> What is being asked: Look through the records below, and copy out every line that holds the string "then".
[[ Record excerpts, beginning ]]
lemma srw_p_tendsto_0: "(\<lambda>n. srw_p n x (y::int^'d)) \<longlonglongrightarrow> 0"
proof -
  let ?f = "\<lambda>n \<theta>. step_char \<theta> ^ n * cos (phase \<theta> (y - x))"
  have "(\<lambda>n. integral\<^sup>L (torus_measure :: ('d \<Rightarrow> real) measure) (?f n))
      \<longlonglongrightarrow> integral\<^sup>L (torus_measure :: ('d \<Rightarrow> real) measure) (\<lambda>_. 0)"
  proof (rule integral_dominated_convergence[where w = "\<lambda>_. 1"])
    show "AE \<theta> in torus_measure. norm (?f n \<theta>) \<le> 1" for n
      by (auto simp: abs_mult power_abs abs_step_char_le_1 intro!: mult_le_one power_le_one)
    show "AE \<theta> in torus_measure. (\<lambda>n. ?f n \<theta>) \<longlonglongrightarrow> 0"
      using AE_space AE_torus_generic
      by eventually_elim (intro tendsto_mult_left_zero LIMSEQ_power_zero, simp add: generic_point_torus(2))
  qed (simp_all add: finite_measure.integrable_const[OF finite_measure_torus])
  then have "(\<lambda>n. (2 * pi) ^ CARD('d) * srw_p n x y / (2 * pi) ^ CARD('d)) \<longlonglongrightarrow> 0"
    unfolding srw_p_fourier by (simp add: tendsto_divide_zero)
  then show ?thesis
    by simp
qed

lemma integrable_circle_abs_powr:
  assumes "0 < a" "a < 1"
  shows "integrable circle_measure (\<lambda>t. \<bar>t\<bar> powr (- a))"
proof -
  let ?I = "pi powr (1 - a) / (1 - a)"
  have "((\<lambda>t. t powr (- a)) has_integral ?I) {0..pi}"
    using has_integral_powr_from_0[of "- a" pi] assms by simp
  then have right: "((\<lambda>t. \<bar>t\<bar> powr (- a)) has_integral ?I) {0..pi}"
    by (rule has_integral_eq[rotated]) simp
  then have left: "((\<lambda>t. \<bar>t\<bar> powr (- a)) has_integral ?I) {-pi..0}"
    using has_integral_reflect_real[where f = "\<lambda>t. \<bar>t\<bar> powr (- a)" and a = 0 and b = pi] by simp
  have "((\<lambda>t. \<bar>t\<bar> powr (- a)) has_integral (?I + ?I)) {-pi..pi}"
    by (rule has_integral_combine[OF _ _ left right]) auto
  from nn_integral_has_integral_lebesgue'[OF _ this]
  have "(\<integral>\<^sup>+ t. ennreal (\<bar>t\<bar> powr (- a)) * indicator {-pi..pi} t \<partial>lborel) = ennreal (?I + ?I)"
    by simp
  moreover have "(\<integral>\<^sup>+ t. ennreal (indicator {-pi..pi} t *\<^sub>R \<bar>t\<bar> powr (- a)) \<partial>lborel)
      = (\<integral>\<^sup>+ t. ennreal (\<bar>t\<bar> powr (- a)) * indicator {-pi..pi} t \<partial>lborel)"
    by (intro nn_integral_cong) (auto split: split_indicator)
  ultimately have "integrable lborel (\<lambda>t. indicator {-pi..pi} t *\<^sub>R \<bar>t\<bar> powr (- a))"
    by (intro integrableI_nonneg) auto
  then show ?thesis
    unfolding circle_measure_def by (subst integrable_restrict_space) auto
qed

text \<open>For \<open>d \<ge> 3\<close> the singularity \<open>1 / |\<theta>|\<^sup>2\<close> of \<open>1 / (1 - step_char \<theta>)\<close> is dominated by
  a product of one-dimensional integrable singularities.\<close>

lemma inverse_sqnorm_le_prod_powr:
  assumes "\<forall>i. (\<theta> :: 'd::finite \<Rightarrow> real) i \<noteq> 0"
  shows "1 / sqnorm \<theta> \<le> (\<Prod>i\<in>UNIV. \<bar>\<theta> i\<bar> powr (- (2 / real CARD('d))))"
proof -
  obtain i0 :: 'd where i0: "\<forall>i. \<bar>\<theta> i\<bar> \<le> \<bar>\<theta> i0\<bar>"
    using Max_in[of "range (\<lambda>i. \<bar>\<theta> i\<bar>)"] Max_ge[of "range (\<lambda>i. \<bar>\<theta> i\<bar>)"] by fastforce
  define m where "m = \<bar>\<theta> i0\<bar>"
  have "0 < m"
    using assms unfolding m_def by simp
  have "m\<^sup>2 \<le> sqnorm \<theta>"
    unfolding m_def sqnorm_def by (simp, rule member_le_sum) auto
  moreover have "0 < m\<^sup>2"
    using \<open>0 < m\<close> by simp
  ultimately have "1 / sqnorm \<theta> \<le> 1 / m\<^sup>2"
    by (intro divide_left_mono mult_pos_pos) linarith+
  also have "\<dots> = m powr (real CARD('d) * (- (2 / real CARD('d))))"
    using \<open>0 < m\<close> by (simp add: powr_minus_divide powr_realpow[of m 2, simplified])
  also have "\<dots> = (\<Prod>i\<in>(UNIV::'d set). m powr (- (2 / real CARD('d))))"
    using \<open>0 < m\<close> by (simp add: powr_power)
  also have "\<dots> \<le> (\<Prod>i\<in>UNIV. \<bar>\<theta> i\<bar> powr (- (2 / real CARD('d))))"
    using i0 assms unfolding m_def by (intro prod_mono conjI powr_mono2') auto
  finally show ?thesis .
qed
[[ Record excerpts, end ]]
> Response for this exercise:
  then have "(\<lambda>n. (2 * pi) ^ CARD('d) * srw_p n x y / (2 * pi) ^ CARD('d)) \<longlonglongrightarrow> 0"
  then show ?thesis
  then have right: "((\<lambda>t. \<bar>t\<bar> powr (- a)) has_integral ?I) {0..pi}"
  then have left: "((\<lambda>t. \<bar>t\<bar> powr (- a)) has_integral ?I) {-pi..0}"
  then show ?thesis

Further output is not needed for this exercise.